[Opening LISTED RECORDS section]

(* Let $(\theta,\varphi)$ be a random dynamical system on $\mathbb{X}=\mathbb{N}_0^L$ as in the context, and let $A:\mathcal{Q}\to\mathcal{P}(\mathbb{X})$ be a $\varphi$-invariant random set with $A_q$ nonempty and finite for all $q$. Then the following are equivalent: (I) $A$ is a weak attractor: for every finite $B\subset\mathbb{X}$, $\mathrm{dist}(\varphi^n_q(B),A_{\theta^nq})\to0$ in probability as $n\to\infty$; (II) $A$ is a forward attractor: for every finite $B\subset\mathbb{X}$, $\lim_{n\to\infty}\mathrm{dist}(\varphi^n_q(B),A_{\theta^nq})=0$ $\mathbb{P}$-a.s.; (III) $A$ is a forward point attractor: the condition in (II) holds for every $B=\{x\}$, $x\in\mathbb{X}$; (IV) $A$ is a weak point attractor: the condition in (I) holds for every $B=\{x\}$, $x\in\mathbb{X}$; (V) for every finite random set $K:\mathcal{Q}\to\mathcal{P}(\mathbb{X})$, $\mathrm{dist}(\varphi^n_q(K_q),A_{\theta^nq})\to0$ in probability as $n\to\infty$.
   Context: $(\mathcal{Q},\mathcal{F},\mathbb{P})$ is a probability space and $\theta:\mathcal{Q}\to\mathcal{Q}$ is an invertible, measurable, $\mathbb{P}$-preserving and $\mathbb{P}$-ergodic map; $\theta^n$ denotes its iterates ($n\in\mathbb{Z}$). $\varphi:\mathbb{N}_0\times\mathcal{Q}\times\mathbb{X}\to\mathbb{X}$, $(n,q,x)\mapsto\varphi^n_q(x)$, is measurable and satisfies the cocycle property $\varphi^0_q=\mathrm{id}$, $\varphi^{n+m}_q=\varphi^n_{\theta^mq}\circ\varphi^m_q$. $d$ is the Euclidean distance on $\mathbb{X}$, $d(x,B)=\inf_{y\in B}d(x,y)$, and $\mathrm{dist}(A,B)=\sup_{x\in A}d(x,B)$ for nonempty $A,B$. A random set is a map $K:\mathcal{Q}\to\mathcal{P}(\mathbb{X})$ with $q\mapsto d(x,K_q)$ measurable for each $x\in\mathbb{X}$; it is a finite random set if $K_q$ is nonempty and finite for all $q$. A random set $A$ is $\varphi$-invariant if $\varphi^n_q(A_q)=A_{\theta^nq}$ for all $n\in\mathbb{N}$, $\mathbb{P}$-a.s. *)

theory Defs
  imports "HOL-Probability.Probability"
begin

text \<open>State space X = N_0^L, modelled as functions from a finite index type 'l
  (with L = CARD('l)) to nat.  Euclidean distance on X.\<close>

definition edist :: "('l::finite \<Rightarrow> nat) \<Rightarrow> ('l \<Rightarrow> nat) \<Rightarrow> real" where
  "edist x y = sqrt (\<Sum>i\<in>UNIV. (real (x i) - real (y i))^2)"

definition pdist :: "('l::finite \<Rightarrow> nat) \<Rightarrow> ('l \<Rightarrow> nat) set \<Rightarrow> real" where
  "pdist x B = (INF y\<in>B. edist x y)"

definition hdist :: "('l::finite \<Rightarrow> nat) set \<Rightarrow> ('l \<Rightarrow> nat) set \<Rightarrow> real" where
  "hdist A B = (SUP x\<in>A. pdist x B)"

definition mds :: "'q measure \<Rightarrow> ('q \<Rightarrow> 'q) \<Rightarrow> bool" where
  "mds M \<theta> \<longleftrightarrow> prob_space M \<and>
     bij_betw \<theta> (space M) (space M) \<and>
     \<theta> \<in> measurable M M \<and> inv_into (space M) \<theta> \<in> measurable M M \<and>
     distr M M \<theta> = M \<and>
     (\<forall>S\<in>sets M. \<theta> -` S \<inter> space M = S \<longrightarrow> measure M S = 0 \<or> measure M S = 1)"

definition cocycle :: "'q measure \<Rightarrow> ('q \<Rightarrow> 'q) \<Rightarrow> (nat \<Rightarrow> 'q \<Rightarrow> ('l::finite \<Rightarrow> nat) \<Rightarrow> ('l \<Rightarrow> nat)) \<Rightarrow> bool" where
  "cocycle M \<theta> \<phi> \<longleftrightarrow>
     (\<lambda>(n, q, x). \<phi> n q x) \<in> measurable (count_space UNIV \<Otimes>\<^sub>M M \<Otimes>\<^sub>M count_space UNIV) (count_space UNIV) \<and>
     (\<forall>q. \<phi> 0 q = id) \<and>
     (\<forall>n m q. \<phi> (n + m) q = \<phi> n ((\<theta> ^^ m) q) \<circ> \<phi> m q)"

definition random_set :: "'q measure \<Rightarrow> ('q \<Rightarrow> ('l::finite \<Rightarrow> nat) set) \<Rightarrow> bool" where
  "random_set M K \<longleftrightarrow> (\<forall>x. (\<lambda>q. pdist x (K q)) \<in> borel_measurable M)"

definition finite_random_set :: "'q measure \<Rightarrow> ('q \<Rightarrow> ('l::finite \<Rightarrow> nat) set) \<Rightarrow> bool" where
  "finite_random_set M K \<longleftrightarrow> random_set M K \<and> (\<forall>q. K q \<noteq> {} \<and> finite (K q))"

definition invariant_set :: "'q measure \<Rightarrow> ('q \<Rightarrow> 'q) \<Rightarrow> (nat \<Rightarrow> 'q \<Rightarrow> ('l::finite \<Rightarrow> nat) \<Rightarrow> ('l \<Rightarrow> nat)) \<Rightarrow> ('q \<Rightarrow> ('l \<Rightarrow> nat) set) \<Rightarrow> bool" where
  "invariant_set M \<theta> \<phi> A \<longleftrightarrow> random_set M A \<and>
     (\<forall>n\<ge>1. AE q in M. \<phi> n q ` A q = A ((\<theta> ^^ n) q))"

definition tendsto0_in_prob :: "'q measure \<Rightarrow> (nat \<Rightarrow> 'q \<Rightarrow> real) \<Rightarrow> bool" where
  "tendsto0_in_prob M X \<longleftrightarrow>
     (\<forall>\<epsilon>>0. (\<lambda>n. measure M {q\<in>space M. \<bar>X n q\<bar> > \<epsilon>}) \<longlonglongrightarrow> 0)"

definition tendsto0_AE :: "'q measure \<Rightarrow> (nat \<Rightarrow> 'q \<Rightarrow> real) \<Rightarrow> bool" where
  "tendsto0_AE M X \<longleftrightarrow> (AE q in M. (\<lambda>n. X n q) \<longlonglongrightarrow> 0)"

end

theory Submission
  imports Defs
begin

text \<open>Distinct points of \<open>\<nat>\<^sub>0\<^sup>L\<close> are at distance at least 1, so
  \<open>dist(\<phi>^n_q(K), A_(\<theta>^n q))\<close> is 0 if \<open>\<phi>^n_q\<close> maps \<open>K\<close> into \<open>A_(\<theta>^n q)\<close> and at least 1
  otherwise. Convergence to 0 almost surely (in probability) thus means that \<open>K\<close> is almost
  surely eventually absorbed by \<open>A\<close> (absorbed with probability tending to 1). By invariance of
  \<open>A\<close> and the cocycle property a point once absorbed stays absorbed, so for a single point the
  absorption events increase with \<open>n\<close>, and probabilities tending to 1 force almost sure eventual
  absorption. As \<open>\<nat>\<^sub>0\<^sup>L\<close> is countable, almost surely every point is eventually absorbed,
  hence so is every finite, possibly random, set.\<close>

lemma edist_nonneg: "0 \<le> edist x y"
  unfolding edist_def by (simp add: sum_nonneg)

lemma edist_ge_1:
  fixes x y :: "'l::finite \<Rightarrow> nat"
  assumes "x \<noteq> y"
  shows "1 \<le> edist x y"
proof -
  obtain i where i: "x i \<noteq> y i" using assms by auto
  have "1 \<le> \<bar>real (x i) - real (y i)\<bar>" using i by linarith
  then have "1 \<le> (real (x i) - real (y i))\<^sup>2"
    by (metis abs_le_square_iff abs_one power_one)
  also have "\<dots> \<le> (\<Sum>j\<in>UNIV. (real (x j) - real (y j))\<^sup>2)"
    by (rule member_le_sum) auto
  finally show ?thesis unfolding edist_def by simp
qed

lemma pdist_eq_0:
  assumes "x \<in> B"
  shows "pdist x B = 0"
proof -
  have "pdist x B \<le> edist x x"
    unfolding pdist_def using assms
    by (intro cINF_lower bdd_belowI[where m=0]) (auto simp: edist_nonneg)
  moreover have "0 \<le> pdist x B"
    unfolding pdist_def using assms by (intro cINF_greatest edist_nonneg) auto
  ultimately show ?thesis by (simp add: edist_def)
qed

lemma pdist_ge_1:
  assumes "B \<noteq> {}" "x \<notin> B"
  shows "1 \<le> pdist x B"
  unfolding pdist_def using assms by (intro cINF_greatest edist_ge_1) auto

lemma pdist_eq_0_iff:
  assumes "B \<noteq> {}"
  shows "pdist x B = 0 \<longleftrightarrow> x \<in> B"
  using pdist_ge_1[OF assms, of x] by (cases "x \<in> B") (auto simp: pdist_eq_0)

lemma hdist_eq_0:
  assumes "S \<noteq> {}" "S \<subseteq> T"
  shows "hdist S T = 0"
proof -
  have "hdist S T = (SUP x\<in>S. 0)"
    unfolding hdist_def using assms(2) by (intro SUP_cong) (auto intro: pdist_eq_0)
  with assms(1) show ?thesis by simp
qed

lemma hdist_ge_1:
  assumes "finite S" "T \<noteq> {}" "\<not> S \<subseteq> T"
  shows "1 \<le> hdist S T"
proof -
  obtain x where x: "x \<in> S" "x \<notin> T" using assms(3) by auto
  have "1 \<le> pdist x T" using pdist_ge_1 assms(2) x(2) .
  also have "\<dots> \<le> hdist S T"
    unfolding hdist_def using assms(1) x(1) by (intro cSUP_upper) auto
  finally show ?thesis .
qed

[Closing LISTED RECORDS section]

WHAT TO DO >> Every line of the entries above that holds "assumes" should be copied out.

RESULT OF THIS TASK >>
  assumes "x \<noteq> y"
  assumes "x \<in> B"
  assumes "B \<noteq> {}" "x \<notin> B"
  assumes "B \<noteq> {}"
  assumes "S \<noteq> {}" "S \<subseteq> T"
  assumes "finite S" "T \<noteq> {}" "\<not> S \<subseteq> T"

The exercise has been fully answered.